Ralph Lauren Corp. wants to fashion an apparel supply chain that looks beyond the department store. Still the gold standard for the country-club set, the venerable brand is trying to adjust to the seismic shifts in retailing that have left sales stagnant and profits plummeting. And 41-year-old Chief Executive Stefan Larsson suggests the structure of the operations is just as important as the cut of the clothing. Mr. Larsson tells the WSJ’s Suzanne Kapner that the company is undertaking a kind of retailing version of a capacity reduction, cutting back its own store footprint by 10% and reducing shipments to department stores. That’s aimed at building some scarcity into its product lines so that more goods are sold at full price rather than through the discounts that guide sales at the big stores. At the same time, Mr. Larsson says he’ll trim the number of brands and tie faster, more nimble production to a more efficient inventory system.

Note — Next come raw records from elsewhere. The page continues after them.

(* Let $f:\mathbb{R}\to(0,\infty)$ be $C^4$, unimodal with maximum at $\mu$, of the form $f=e^{-H}$ with $H$ regularly varying (there is $\alpha>0$ with $H(tx)/H(t)\to x^\alpha$ as $|t|\to\infty$ for all $x>0$), and with $|(\log f)''''|<M$ for some $M>0$. Then for $\beta>0$, $$M'(\beta)=\mathrm{Var}_\beta(h(X)),\qquad S(\beta)=-\frac1\beta,\qquad S'(\beta)=\frac1{\beta^2}.$$
   Context: $h=\log f$, $k(x)=(x-\mu)h'(x)$; $\mathbb{E}_\beta,\mathrm{Var}_\beta$ denote moments under the density $f^\beta(x)/Z_\beta$ with $Z_\beta=\int f^\beta(z)\,dz$; $M(\beta)=\mathbb{E}_\beta[h(X)]$ and $S(\beta)=\mathbb{E}_\beta[k(X)]$. *)

theory Defs
  imports "HOL-Analysis.Analysis"
begin

definition C4 :: "(real \<Rightarrow> real) \<Rightarrow> bool" where
  "C4 f \<longleftrightarrow> (\<forall>k<4. \<forall>x. ((deriv ^^ k) f has_real_derivative (deriv ^^ Suc k) f x) (at x))
              \<and> continuous_on UNIV ((deriv ^^ 4) f)"

definition logf :: "(real \<Rightarrow> real) \<Rightarrow> real \<Rightarrow> real" where
  "logf f = (\<lambda>x. ln (f x))"

definition Zb :: "(real \<Rightarrow> real) \<Rightarrow> real \<Rightarrow> real" where
  "Zb f \<beta> = (\<integral>x. f x powr \<beta> \<partial>lborel)"

definition Eb :: "(real \<Rightarrow> real) \<Rightarrow> real \<Rightarrow> (real \<Rightarrow> real) \<Rightarrow> real" where
  "Eb f \<beta> g = (\<integral>x. g x * f x powr \<beta> \<partial>lborel) / Zb f \<beta>"

definition Varb :: "(real \<Rightarrow> real) \<Rightarrow> real \<Rightarrow> (real \<Rightarrow> real) \<Rightarrow> real" where
  "Varb f \<beta> g = Eb f \<beta> (\<lambda>x. (g x - Eb f \<beta> g)\<^sup>2)"

definition Mfun :: "(real \<Rightarrow> real) \<Rightarrow> real \<Rightarrow> real" where
  "Mfun f \<beta> = Eb f \<beta> (logf f)"

definition kfun :: "(real \<Rightarrow> real) \<Rightarrow> real \<Rightarrow> real \<Rightarrow> real" where
  "kfun f \<mu> x = (x - \<mu>) * deriv (logf f) x"

definition Sfun :: "(real \<Rightarrow> real) \<Rightarrow> real \<Rightarrow> real \<Rightarrow> real" where
  "Sfun f \<mu> \<beta> = Eb f \<beta> (kfun f \<mu>)"

end

theory Submission
  imports Defs "HOL-Probability.Sinc_Integral" "HOL-Real_Asymp.Real_Asymp"
begin

(* Write h = log f. Since -h is monotone on either side of the mode and -h(2t)/(-h(t)) tends to
   2 powr \<alpha> > 1, iterating -h(2t) \<ge> q (-h(t)) for some 1 < q < 2 powr \<alpha> gives the bound
   -h x \<ge> a \<bar>x\<bar> powr \<gamma> for large \<bar>x\<bar>. Hence every f powr s = exp (s h) is O(1 / (1 + x^2)),
   and h exp (b h), h^2 exp (b h) are dominated uniformly for b near \<beta>, so Z(b) = \<integral> exp (b h)
   and \<integral> h exp (b h) may be differentiated under the integral sign; the quotient rule then
   gives M' = Var.
   For S, the function (x - \<mu>) exp (\<beta> h x) has derivative exp (\<beta> h) + \<beta> k exp (\<beta> h) and
   vanishes at infinity, so \<integral> k f powr \<beta> = - Z(\<beta>) / \<beta>; unimodality gives k \<le> 0, which
   lets monotone convergence pass from [-n, n] to the whole line. S = -1/b for all b > 0 then
   gives S' = 1/\<beta>^2. *)

lemma has_real_derivative_integral_dominated:
  fixes F F' :: "real \<Rightarrow> 'a \<Rightarrow> real" and g :: "'a \<Rightarrow> real"
  assumes b0: "b0 \<in> {a<..<c}"
    and int: "\<And>b. b \<in> {a<..<c} \<Longrightarrow> integrable M (F b)"
    and der: "\<And>b x. b \<in> {a<..<c} \<Longrightarrow> ((\<lambda>b. F b x) has_real_derivative F' b x) (at b)"
    and g: "integrable M g"
    and bound: "\<And>b x. b \<in> {a<..<c} \<Longrightarrow> \<bar>F' b x\<bar> \<le> g x"
    and meas: "F' b0 \<in> borel_measurable M"
  shows "((\<lambda>b. \<integral>x. F b x \<partial>M) has_real_derivative (\<integral>x. F' b0 x \<partial>M)) (at b0)"
proof -
  let ?I = "{a<..<c}"
  let ?Q = "\<lambda>b. ((\<integral>x. F b x \<partial>M) - (\<integral>x. F b0 x \<partial>M)) / (b - b0)"
  have lipschitz: "\<bar>F b x - F b0 x\<bar> \<le> g x * \<bar>b - b0\<bar>" if "b \<in> ?I" for b x
  proof -
    have "norm (F b x - F b0 x) \<le> g x * norm (b - b0)"
      by (rule field_differentiable_bound[where S = ?I and f = "\<lambda>b. F b x"])
        (use that b0 bound der in \<open>auto intro: has_field_derivative_at_within\<close>)
    then show ?thesis by simp
  qed
  have "(?Q \<longlongrightarrow> (\<integral>x. F' b0 x \<partial>M)) (at b0 within ?I)"
    unfolding tendsto_at_iff_sequentially
  proof (intro allI impI)
    fix X :: "nat \<Rightarrow> real"
    assume X: "\<forall>i. X i \<in> ?I - {b0}" and X_lim: "X \<longlonglongrightarrow> b0"
    define s where "s i x = (F (X i) x - F b0 x) / (X i - b0)" for i x
    have "(\<lambda>i. integral\<^sup>L M (s i)) \<longlonglongrightarrow> integral\<^sup>L M (F' b0)"
    proof (rule integral_dominated_convergence[where w = g])
      show "s i \<in> borel_measurable M" for i
        unfolding s_def using int X b0 by (auto intro!: borel_measurable_divide borel_measurable_diff)
      show "AE x in M. (\<lambda>i. s i x) \<longlonglongrightarrow> F' b0 x"
      proof (rule AE_I2)
        fix x
        have "((\<lambda>b. (F b x - F b0 x) / (b - b0)) \<longlongrightarrow> F' b0 x) (at b0 within ?I)"
          using der[OF b0, of x] by (auto simp: has_field_derivative_iff intro: tendsto_within_subset)
        then show "(\<lambda>i. s i x) \<longlonglongrightarrow> F' b0 x"
          unfolding tendsto_at_iff_sequentially s_def comp_def using X X_lim by auto
      qed
      show "AE x in M. norm (s i x) \<le> g x" for i
        using lipschitz[of "X i"] X by (intro AE_I2) (auto simp: s_def abs_divide divide_le_eq)
    qed (use g meas in auto)
    moreover have "integral\<^sup>L M (s i) = ?Q (X i)" for i
      unfolding s_def using int X b0 by simp
    ultimately show "(?Q \<circ> X) \<longlonglongrightarrow> (\<integral>x. F' b0 x \<partial>M)"
      by (simp add: comp_def)
  qed
  then show ?thesis
    using at_within_open[OF b0] by (simp add: has_field_derivative_iff)
qed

The spot market is looming larger over the trucking industry. A new report from Cowen and Co. and Chainalytics says the gap between contract rates and shipping prices available on daily “load boards” is getting wider and having a deeper effect on the financial framework for trucking, WSJ Logistics Report’s Loretta Chao writes. The report underscores how plentiful truck capacity is driving down prices and squeezing companies that depend on contracted over-the-road business, and shippers may look to use that leverage in daily rates to build cheaper prices into longer-term deals. Swift Transportation Co., the country’s largest truckload operator, says its extending a capacity retrenchment that’s already parked 300 trucks this spring. The company is also responding in another way: Swift says it is increasing its own participation in the spot market.